Exercise goal >> Your job with the data below is to output exactly the lines from the one holding "unfolding Mmat_def Wmat_def" down to the one holding "using assms sin_cos_squared_add[of", both included, and no others.

Listed records section start

(* Let $\Psi=(\psi_k)_{k\in\mathbb N}$ with $\psi_k\in(-\pi/2,\pi/2)$, and let $F_n=i\tan(\psi_{|n|})$ for $n\in\mathbb Z$. For $d\ge0$ let $G_d$ be the $SU(2)$ nonlinear Fourier series of the finitely supported sequence $(F_n\mathbf 1_{\{-d\le n\le d\}})_{n\in\mathbb Z}$. For $x\in[0,1]$ let $\theta$ be the unique number in $[0,\pi/2]$ with $\cos\theta=x$ and set $z=e^{2i\theta}$. Then for every $d\ge0$, $$M\,U_d(\Psi,x)\,M=\begin{pmatrix}e^{id\theta}&0\\0&e^{-id\theta}\end{pmatrix}G_d(z)\begin{pmatrix}e^{id\theta}&0\\0&e^{-id\theta}\end{pmatrix}.$$
   Context: $W(x)=\begin{pmatrix}x& i\sqrt{1-x^2}\\ i\sqrt{1-x^2}& x\end{pmatrix}$, $Z=\begin{pmatrix}1&0\\0&-1\end{pmatrix}$, $M=2^{-1/2}\begin{pmatrix}1&1\\1&-1\end{pmatrix}$. $U_0(\Psi,x)=e^{i\psi_0Z}$ and $U_d(\Psi,x)=e^{i\psi_dZ}W(x)U_{d-1}(\Psi,x)W(x)e^{i\psi_dZ}$ for $d\ge1$. For a finitely supported sequence $F:\mathbb Z\to\mathbb C$, its $SU(2)$ nonlinear Fourier series is the matrix-valued function $G(z)=\prod_{k}(1+|F_k|^2)^{-1/2}\begin{pmatrix}1&F_kz^k\\-\overline{F_k}z^{-k}&1\end{pmatrix}$, where the (finite) product is ordered with $k$ increasing from left to right. *)

theory Defs
  imports "HOL-Analysis.Analysis"
begin

type_synonym cmat = "complex^2^2"

definition mat2 :: "complex \<Rightarrow> complex \<Rightarrow> complex \<Rightarrow> complex \<Rightarrow> cmat" where
  "mat2 a b c d = (\<chi> i j. if i = 1 then (if j = 1 then a else b) else (if j = 1 then c else d))"

definition Wmat :: "real \<Rightarrow> cmat" where
  "Wmat x = mat2 (complex_of_real x) (\<i> * complex_of_real (sqrt (1 - x\<^sup>2)))
                 (\<i> * complex_of_real (sqrt (1 - x\<^sup>2))) (complex_of_real x)"

definition Mmat :: cmat where
  "Mmat = mat2 (1 / complex_of_real (sqrt 2)) (1 / complex_of_real (sqrt 2))
               (1 / complex_of_real (sqrt 2)) (- 1 / complex_of_real (sqrt 2))"

definition expZ :: "real \<Rightarrow> cmat" where
  "expZ psi = mat2 (exp (\<i> * complex_of_real psi)) 0 0 (exp (- \<i> * complex_of_real psi))"

fun U :: "(nat \<Rightarrow> real) \<Rightarrow> nat \<Rightarrow> real \<Rightarrow> cmat" where
  "U \<Psi> 0 x = expZ (\<Psi> 0)"
| "U \<Psi> (Suc d) x = expZ (\<Psi> (Suc d)) ** Wmat x ** U \<Psi> d x ** Wmat x ** expZ (\<Psi> (Suc d))"

definition nlft_factor :: "complex \<Rightarrow> int \<Rightarrow> complex \<Rightarrow> cmat" where
  "nlft_factor Fk k z =
     (let c = complex_of_real (1 / sqrt (1 + (cmod Fk)\<^sup>2))
      in mat2 c (c * Fk * z powi k) (- c * cnj Fk * z powi (- k)) c)"

definition supp_radius :: "(int \<Rightarrow> complex) \<Rightarrow> nat" where
  "supp_radius F = (LEAST N. \<forall>k. F k \<noteq> 0 \<longrightarrow> \<bar>k\<bar> \<le> int N)"

definition nlft :: "(int \<Rightarrow> complex) \<Rightarrow> complex \<Rightarrow> cmat" where
  "nlft F z = foldr (\<lambda>k A. nlft_factor (F k) k z ** A)
                 [- int (supp_radius F) .. int (supp_radius F)] (mat 1)"

end

theory Submission
  imports Defs
begin

text \<open>Conjugation by the Hadamard matrix M diagonalises W(x) to diag(e^{i\<theta>}, e^{-i\<theta>}) with
  cos \<theta> = x, and turns e^{i\<psi>Z} into the rotation with entries cos \<psi> and i sin \<psi>. The latter is
  precisely the normalised factor of the nonlinear Fourier series for F = i tan \<psi>, once the
  powers of z = e^{2i\<theta>} are absorbed into diagonal matrices. Since U_{d+1} wraps U_d in one more
  factor on each side, and the symmetric ordered product over [-(d+1), d+1] wraps the one over
  [-d, d] in one more factor on each side, the identity follows by induction on d.\<close>

lemma mat2_mult:
  "mat2 a b c d ** mat2 a' b' c' d' = mat2 (a*a' + b*c') (a*b' + b*d') (c*a' + d*c') (c*b' + d*d')"
  unfolding matrix_matrix_mult_def mat2_def
  by (simp add: vec_eq_iff forall_2 UNIV_2 sum_2)

lemma mat_1_eq_mat2: "(mat 1 :: cmat) = mat2 1 0 0 1"
  unfolding mat_def mat2_def by (simp add: vec_eq_iff forall_2)

lemma mat2_eq_iff: "mat2 a b c d = mat2 a' b' c' d' \<longleftrightarrow> a = a' \<and> b = b' \<and> c = c' \<and> d = d'"
  unfolding mat2_def by (simp add: vec_eq_iff forall_2)

lemma exp_i_real: "exp (\<i> * complex_of_real t) = complex_of_real (cos t) + \<i> * complex_of_real (sin t)"
  using cis_conv_exp[of t] by (simp add: cis.ctr Complex_eq)

lemma exp_minus_i_real: "exp (- \<i> * complex_of_real t) = complex_of_real (cos t) - \<i> * complex_of_real (sin t)"
  using exp_i_real[of "- t"] by simp

lemma sqrt2_mult_sqrt2: "complex_of_real (sqrt 2) * complex_of_real (sqrt 2) = 2"
  by (simp flip: of_real_mult)

lemma sqrt2_mult_sqrt2_mult: "complex_of_real (sqrt 2) * (complex_of_real (sqrt 2) * y) = 2 * y"
  by (simp add: mult.assoc[symmetric] sqrt2_mult_sqrt2)

lemma Mmat_mult_Mmat: "Mmat ** Mmat = mat 1"
  unfolding Mmat_def mat_1_eq_mat2 mat2_mult mat2_eq_iff
  by (simp add: field_simps sqrt2_mult_sqrt2 sqrt2_mult_sqrt2_mult)

lemma Mmat_conj_Wmat:
  "Mmat ** Wmat x ** Mmat = mat2 (x + \<i> * sqrt (1 - x\<^sup>2)) 0 0 (x - \<i> * sqrt (1 - x\<^sup>2))"
  unfolding Mmat_def Wmat_def mat2_mult mat2_eq_iff
  by (simp add: field_simps sqrt2_mult_sqrt2 sqrt2_mult_sqrt2_mult)

lemma Mmat_conj_expZ: "Mmat ** expZ p ** Mmat = mat2 (cos p) (\<i> * sin p) (\<i> * sin p) (cos p)"
  unfolding Mmat_def expZ_def mat2_mult mat2_eq_iff exp_i_real exp_minus_i_real
  by (simp add: field_simps sqrt2_mult_sqrt2 sqrt2_mult_sqrt2_mult)

lemma nlft_factor_i_tan:
  assumes "cos p > 0"
  shows "nlft_factor (\<i> * complex_of_real (tan p)) k z
           = mat2 (cos p) (\<i> * sin p * z powi k) (\<i> * sin p * z powi (- k)) (cos p)"
proof -
  have "1 + (tan p)\<^sup>2 = 1 / (cos p)\<^sup>2"
    using assms sin_cos_squared_add[of p] by (simp add: tan_def field_simps)
  then have "sqrt (1 + (tan p)\<^sup>2) = 1 / cos p"
    using assms by (simp add: real_sqrt_divide)
  then have norm_factor: "1 / sqrt (1 + (cmod (\<i> * complex_of_real (tan p)))\<^sup>2) = cos p"
    by (simp add: norm_mult)
  have "complex_of_real (cos p) * (\<i> * complex_of_real (tan p)) = \<i> * sin p"
    using assms by (simp add: tan_def flip: of_real_mult)
  then show ?thesis
    unfolding nlft_factor_def Let_def norm_factor mat2_eq_iff by (simp add: algebra_simps)
qed

lemma nlft_factor_zero: "nlft_factor 0 k z = mat 1"
  unfolding nlft_factor_def mat_1_eq_mat2 by simp

definition centered_prod :: "(int \<Rightarrow> cmat) \<Rightarrow> nat \<Rightarrow> cmat" where
  "centered_prod g N = foldr (\<lambda>k A. g k ** A) [- int N .. int N] (mat 1)"

lemma foldr_matrix_mult:
  "foldr (\<lambda>k A. g k ** A) ks B = foldr (\<lambda>k A. g k ** A) ks (mat 1) ** B"
  by (induction ks) (simp_all add: matrix_mul_assoc)

lemma upto_symmetric_Suc:
  "[- int (Suc N) .. int (Suc N)] = - int (Suc N) # [- int N .. int N] @ [int (Suc N)]"
proof -
  have "[- int (Suc N) .. int (Suc N)] = - int (Suc N) # [- int N .. int (Suc N)]"
    by (subst upto_rec1) (auto simp: algebra_simps)
  also have "[- int N .. int (Suc N)] = [- int N .. int N] @ [int (Suc N)]"
    by (subst upto_rec2) auto
  finally show ?thesis .
qed

lemma centered_prod_0: "centered_prod g 0 = g 0"
  unfolding centered_prod_def by simp

lemma centered_prod_Suc:
  "centered_prod g (Suc N) = g (- int (Suc N)) ** centered_prod g N ** g (int (Suc N))"
  unfolding centered_prod_def upto_symmetric_Suc
  by (simp add: foldr_matrix_mult[of g "[- int N .. int N]" "g (int (Suc N))"] matrix_mul_assoc
           del: of_nat_Suc)

lemma centered_prod_cong:
  "(\<And>k. \<bar>k\<bar> \<le> int N \<Longrightarrow> g k = h k) \<Longrightarrow> centered_prod g N = centered_prod h N"
  unfolding centered_prod_def by (intro foldr_cong) auto

lemma centered_prod_radius_mono:
  assumes "\<And>k. \<bar>k\<bar> > int s \<Longrightarrow> g k = mat 1" and "s \<le> N"
  shows "centered_prod g N = centered_prod g s"
  using assms(2)
proof (induction N rule: dec_induct)
  case base
  then show ?case by simp
next
  case (step n)
  have "g (- int (Suc n)) = mat 1" "g (int (Suc n)) = mat 1"
    using step assms(1) by auto
  with step show ?case by (simp add: centered_prod_Suc)
qed

lemma nlft_eq_centered_prod:
  assumes "\<And>k. F k \<noteq> 0 \<Longrightarrow> \<bar>k\<bar> \<le> int N"
  shows "nlft F z = centered_prod (\<lambda>k. nlft_factor (F k) k z) N"
proof -
  have supp: "\<forall>k. F k \<noteq> 0 \<longrightarrow> \<bar>k\<bar> \<le> int N"
    using assms by blast
  have radius: "\<forall>k. F k \<noteq> 0 \<longrightarrow> \<bar>k\<bar> \<le> int (supp_radius F)"
    unfolding supp_radius_def by (rule LeastI[of _ N]) (rule supp)
  have "supp_radius F \<le> N"
    unfolding supp_radius_def by (rule Least_le) (rule supp)
  then have "centered_prod (\<lambda>k. nlft_factor (F k) k z) N
               = centered_prod (\<lambda>k. nlft_factor (F k) k z) (supp_radius F)"
    by (rule centered_prod_radius_mono[rotated]) (metis radius nlft_factor_zero not_le)
  then show ?thesis
    unfolding nlft_def centered_prod_def by simp
qed

definition diag_power :: "complex \<Rightarrow> nat \<Rightarrow> cmat" where
  "diag_power a n = mat2 (a ^ n) 0 0 (inverse a ^ n)"

lemma Mmat_conj_U_eq_centered_prod:
  fixes \<Psi> :: "nat \<Rightarrow> real"
  assumes cos_pos: "\<And>k. cos (\<Psi> k) > 0" and "a \<noteq> 0"
    and W: "Mmat ** Wmat x ** Mmat = mat2 a 0 0 (inverse a)"
  defines "g \<equiv> \<lambda>k. nlft_factor (\<i> * complex_of_real (tan (\<Psi> (nat \<bar>k\<bar>)))) k (a\<^sup>2)"
  shows "Mmat ** U \<Psi> d x ** Mmat = diag_power a d ** centered_prod g d ** diag_power a d"
proof (induction d)
  case 0
  show ?case
    by (simp add: g_def Mmat_conj_expZ diag_power_def centered_prod_0
        nlft_factor_i_tan[OF cos_pos] mat2_mult)
next
  case (Suc d)
  let ?MEM = "Mmat ** expZ (\<Psi> (Suc d)) ** Mmat" and ?MWM = "Mmat ** Wmat x ** Mmat"
  have U_Suc_conj: "Mmat ** U \<Psi> (Suc d) x ** Mmat
          = ?MEM ** ?MWM ** (Mmat ** U \<Psi> d x ** Mmat) ** ?MWM ** ?MEM"
    by (simp add: matrix_mul_assoc Mmat_mult_Mmat flip: matrix_mul_assoc[of _ Mmat Mmat])
  have g_outer:
    "g (- int (Suc d)) = mat2 (cos (\<Psi> (Suc d))) (\<i> * sin (\<Psi> (Suc d)) * inverse ((a\<^sup>2) ^ Suc d))
                              (\<i> * sin (\<Psi> (Suc d)) * (a\<^sup>2) ^ Suc d) (cos (\<Psi> (Suc d)))"
    "g (int (Suc d)) = mat2 (cos (\<Psi> (Suc d))) (\<i> * sin (\<Psi> (Suc d)) * (a\<^sup>2) ^ Suc d)
                              (\<i> * sin (\<Psi> (Suc d)) * inverse ((a\<^sup>2) ^ Suc d)) (cos (\<Psi> (Suc d)))"
    unfolding g_def by (simp_all add: nlft_factor_i_tan[OF cos_pos] power_int_minus del: of_nat_Suc)
  have left: "diag_power a (Suc d) ** g (- int (Suc d)) = ?MEM ** ?MWM ** diag_power a d"
    and right: "g (int (Suc d)) ** diag_power a (Suc d) = diag_power a d ** ?MWM ** ?MEM"
    unfolding g_outer W Mmat_conj_expZ diag_power_def mat2_mult mat2_eq_iff
    using \<open>a \<noteq> 0\<close> by (simp_all add: field_simps power_inverse power_mult_distrib power2_eq_square)
  have "diag_power a (Suc d) ** centered_prod g (Suc d) ** diag_power a (Suc d)
      = (diag_power a (Suc d) ** g (- int (Suc d))) ** centered_prod g d
          ** (g (int (Suc d)) ** diag_power a (Suc d))"
    by (simp add: centered_prod_Suc matrix_mul_assoc del: of_nat_Suc)
  also have "\<dots> = Mmat ** U \<Psi> (Suc d) x ** Mmat"
    unfolding left right U_Suc_conj Suc by (simp add: matrix_mul_assoc)
  finally show ?case by simp
qed

lemma THE_cos_eq_arccos:
  assumes "0 \<le> x" "x \<le> 1"
  shows "(THE t. t \<in> {0..pi / 2} \<and> cos t = x) = arccos x"
proof (rule the_equality)
  show "arccos x \<in> {0..pi / 2} \<and> cos (arccos x) = x"
    using assms arccos_le_pi2[OF assms] by (auto intro: arccos_lbound cos_arccos)
next
  fix t
  assume "t \<in> {0..pi / 2} \<and> cos t = x"
  then show "t = arccos x"
    using arccos_cos[of t] pi_gt_zero by auto
qed

lemma Mmat_conj_Wmat_arccos:
  assumes "0 \<le> x" "x \<le> 1"
  defines "a \<equiv> exp (\<i> * complex_of_real (arccos x))"
  shows "Mmat ** Wmat x ** Mmat = mat2 a 0 0 (inverse a)"
proof -
  have cos_sin: "cos (arccos x) = x" "sin (arccos x) = sqrt (1 - x\<^sup>2)"
    using assms by (simp_all add: cos_arccos sin_arccos)
  have "a = x + \<i> * sqrt (1 - x\<^sup>2)"
    unfolding a_def by (simp only: exp_i_real cos_sin)
  moreover have "inverse a = x - \<i> * sqrt (1 - x\<^sup>2)"
    unfolding a_def by (simp only: exp_minus_i_real cos_sin flip: exp_minus mult_minus_left)
  ultimately show ?thesis
    unfolding Mmat_conj_Wmat by simp
qed

theorem lemma4p1:
  fixes \<Psi> :: "nat \<Rightarrow> real" and d :: nat and x :: real
  assumes "\<And>k. \<Psi> k \<in> {- pi / 2 <..< pi / 2}"
    and "x \<in> {0..1}"
  defines "F \<equiv> (\<lambda>n::int. \<i> * complex_of_real (tan (\<Psi> (nat \<bar>n\<bar>))))"
    and "\<theta> \<equiv> (THE t. t \<in> {0..pi / 2} \<and> cos t = x)"
  defines "z \<equiv> exp (2 * \<i> * complex_of_real \<theta>)"
    and "D \<equiv> mat2 (exp (\<i> * of_nat d * complex_of_real \<theta>)) 0 0 (exp (- \<i> * of_nat d * complex_of_real \<theta>))"
  shows "Mmat ** U \<Psi> d x ** Mmat
           = D ** nlft (\<lambda>n. if - int d \<le> n \<and> n \<le> int d then F n else 0) z ** D"
proof -
  have cos_pos: "cos (\<Psi> k) > 0" for k
    using assms(1)[of k] by (intro cos_gt_zero_pi) auto
  have x: "0 \<le> x" "x \<le> 1"
    using assms(2) by auto
  define a where "a = exp (\<i> * complex_of_real \<theta>)"
  have "a \<noteq> 0"
    by (simp add: a_def)
  have \<theta>: "\<theta> = arccos x"
    unfolding \<theta>_def using x by (rule THE_cos_eq_arccos)
  have "z = a\<^sup>2" and "D = diag_power a d"
    unfolding z_def D_def a_def diag_power_def
    by (simp_all add: exp_of_nat_mult[symmetric] exp_minus power_inverse mult_ac)
  moreover have "nlft (\<lambda>n. if - int d \<le> n \<and> n \<le> int d then F n else 0) z
                   = centered_prod (\<lambda>k. nlft_factor (F k) k z) d"
    by (subst nlft_eq_centered_prod[of _ d]) (auto split: if_splits intro!: centered_prod_cong)
  moreover have "Mmat ** Wmat x ** Mmat = mat2 a 0 0 (inverse a)"
    unfolding a_def \<theta> using x by (rule Mmat_conj_Wmat_arccos)
  ultimately show ?thesis
    using Mmat_conj_U_eq_centered_prod[OF cos_pos \<open>a \<noteq> 0\<close>] unfolding F_def by simp
qed

end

Listed records section end

Exercise output >>
  unfolding Mmat_def Wmat_def mat2_mult mat2_eq_iff
  by (simp add: field_simps sqrt2_mult_sqrt2 sqrt2_mult_sqrt2_mult)

lemma Mmat_conj_expZ: "Mmat ** expZ p ** Mmat = mat2 (cos p) (\<i> * sin p) (\<i> * sin p) (cos p)"
  unfolding Mmat_def expZ_def mat2_mult mat2_eq_iff exp_i_real exp_minus_i_real
  by (simp add: field_simps sqrt2_mult_sqrt2 sqrt2_mult_sqrt2_mult)

lemma nlft_factor_i_tan:
  assumes "cos p > 0"
  shows "nlft_factor (\<i> * complex_of_real (tan p)) k z
           = mat2 (cos p) (\<i> * sin p * z powi k) (\<i> * sin p * z powi (- k)) (cos p)"
proof -
  have "1 + (tan p)\<^sup>2 = 1 / (cos p)\<^sup>2"
    using assms sin_cos_squared_add[of p] by (simp add: tan_def field_simps)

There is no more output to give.